Children create a new dynamic. Whereas it was just the two of you, now there are other voices to consider in family decision making. Having more parties to a decision gives plenty more scope for conflict. As the adults, you need to decide what the decision making process is in your family and how the children can influence it? Children are experts as finding flaws in family dynamics and exposing them. For example; having a tantrum can often get past a 'no' with one parent whilst the other parent feels undermined.

Tiredness and Rest


Family life is incredibly demanding these days. It's important to discuss how tired you both are and how you will support each other to get some rest. When you are tired, your tolerance levels decrease and so does your ability to see the world in a calm, non-threatening way. Many couples engage in a tiredness competition using arguments to prove that they are the most tired. If you both truly cannot give each other support to get rest then you may need to consider what help is available. If one or both of you is exhausted, the situation will not improve without a plan.

Expressions of Love


It is easy to slip into a routine which excludes expressions of love. Relationships can become starved of loving care and the longer it lasts the harder it is to recover. It's important to understand what an expression of love is for your partner. You may believe that you can say it with flowers but your partner may prefer a shoulder rub. Discovering what you both like is a really important discussion.

Sex and Recreation


Whilst children are a wonderful gift (if it doesn't feel like it refer to the point about tiredness). It is important to have some private time. Many couples snatch a bit of sex here and there to keep a thread going and if this is the best you can manage day to day then you need to talk about it. There are no rules about what is right. It may be that you simply need to acknowledge that the sex isn't as good as it could be and plan for a time when you will address it.
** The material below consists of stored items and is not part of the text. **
lemma sequence_bracketing_index:
  fixes u :: "nat \<Rightarrow> real"
  assumes u_top: "filterlim u at_top sequentially"
  obtains k :: "real \<Rightarrow> nat"
  where "filterlim k sequentially at_top"
    and "\<forall>\<^sub>F t in at_top. u (k t) \<le> t \<and> t < u (Suc (k t))"
proof
  define k where "k t = (LEAST m. t < u (Suc m))" for t
  have "\<exists>m. t < u (Suc m)" for t
    using u_top filterlim_at_top_dense filterlim_sequentially_Suc
    by (metis eventually_sequentially order_refl)
  then have above: "t < u (Suc (k t))" for t
    unfolding k_def by (rule LeastI_ex)
  have below: "u (k t) \<le> t" if "u 0 \<le> t" for t
  proof (cases "k t")
    case (Suc j)
    then have "\<not> t < u (Suc j)"
      unfolding k_def by (metis lessI not_less_Least)
    then show ?thesis using Suc by simp
  qed (use that in simp)
  show "\<forall>\<^sub>F t in at_top. u (k t) \<le> t \<and> t < u (Suc (k t))"
    using eventually_ge_at_top[of "u 0"] by eventually_elim (use above below in auto)
  show "filterlim k sequentially at_top"
    unfolding filterlim_at_top
  proof
    fix N :: nat
    show "\<forall>\<^sub>F t in at_top. N \<le> k t"
      using eventually_ge_at_top[of "Max (u ` {..N})"]
    proof eventually_elim
      case (elim t)
      show ?case
      proof (rule ccontr)
        assume "\<not> N \<le> k t"
        then have "u (Suc (k t)) \<le> Max (u ` {..N})" by (intro Max_ge) auto
        with above[of t] elim show False by simp
      qed
    qed
  qed
qed

text \<open>The regularity under which the upper and lower limits of \<open>a\<close> at infinity can be
  computed along any sequence whose consecutive terms have ratio at most \<open>C\<close>.\<close>

definition scale_dominated :: "real \<Rightarrow> (real \<Rightarrow> ereal) \<Rightarrow> bool" where
  "scale_dominated C a \<longleftrightarrow>
     (\<forall>e>0. \<forall>\<^sub>F t in at_top. \<forall>t'\<in>{t..C * t}. a t' \<le> a t * ereal (1 / (1 + e)) + ereal e)"

lemma scale_dominated_limsup:
  fixes a :: "real \<Rightarrow> ereal" and u :: "nat \<Rightarrow> real"
  assumes a: "scale_dominated C a"
    and u_top: "filterlim u at_top sequentially"
    and u_step: "\<forall>\<^sub>F n in sequentially. u (Suc n) \<le> C * u n"
  shows "limsup (\<lambda>n. a (u n)) = Limsup at_top a"
proof (rule antisym)
  obtain k where k_top: "filterlim k sequentially at_top"
    and bracket: "\<forall>\<^sub>F t in at_top. u (k t) \<le> t \<and> t < u (Suc (k t))"
    using sequence_bracketing_index[OF u_top] by blast
  have "\<forall>\<^sub>F t in at_top. u (Suc (k t)) \<le> C * u (k t)"
    using filterlim_iff k_top u_step by blast
  with bracket have in_scale: "\<forall>\<^sub>F t in at_top. t \<in> {u (k t)..C * u (k t)}"
    by eventually_elim auto
  have uk_top: "filterlim (\<lambda>t. u (k t)) at_top at_top"
    by (rule filterlim_compose[OF u_top k_top])
  show "Limsup at_top a \<le> limsup (\<lambda>n. a (u n))"
  proof (rule ereal_le_epsilon_contract)
    fix e :: real assume e: "0 < e" "e < 1"
    have "\<forall>\<^sub>F t in at_top. \<forall>t'\<in>{u (k t)..C * u (k t)}.
            a t' \<le> a (u (k t)) * ereal (1 / (1 + e)) + ereal e"
      using a e uk_top unfolding scale_dominated_def filterlim_iff by blast
    with in_scale have "\<forall>\<^sub>F t in at_top. a t \<le> a (u (k t)) * ereal (1 / (1 + e)) + ereal e"
      by eventually_elim auto
    then have "Limsup at_top a \<le> Limsup at_top (\<lambda>t. a (u (k t)) * ereal (1 / (1 + e)) + ereal e)"
      by (rule Limsup_mono)
    also have "\<dots> = Limsup at_top (\<lambda>t. a (u (k t))) * ereal (1 / (1 + e)) + ereal e"
      using e by (simp add: Limsup_add_ereal_right Limsup_ereal_mult_right)
    also have "\<dots> \<le> limsup (\<lambda>n. a (u n)) * ereal (1 / (1 + e)) + ereal e"
      using e by (intro add_right_mono ereal_mult_right_mono Limsup_compose_filterlim_le[OF k_top]) auto
    finally show "Limsup at_top a \<le> limsup (\<lambda>n. a (u n)) * ereal (1 / (1 + e)) + ereal e" .
  qed
  show "limsup (\<lambda>n. a (u n)) \<le> Limsup at_top a"
    by (rule Limsup_compose_filterlim_le[OF u_top])
qed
Or it may be that you can both book a day off work and sneak off somewhere special.

Environment and Comfort


Having children affects your home. It is worth discussing what adjustments you have made to accommodate the children and how that has affected your comfort levels. Feeling uncomfortable in the home has an enormous impact on our ability to give to each other. If the living room you so lovingly furnished together has now become an obstacle course of brightly coloured plastic toys, it's worth acknowledging how that feels and whether you can live with it or need to rethink.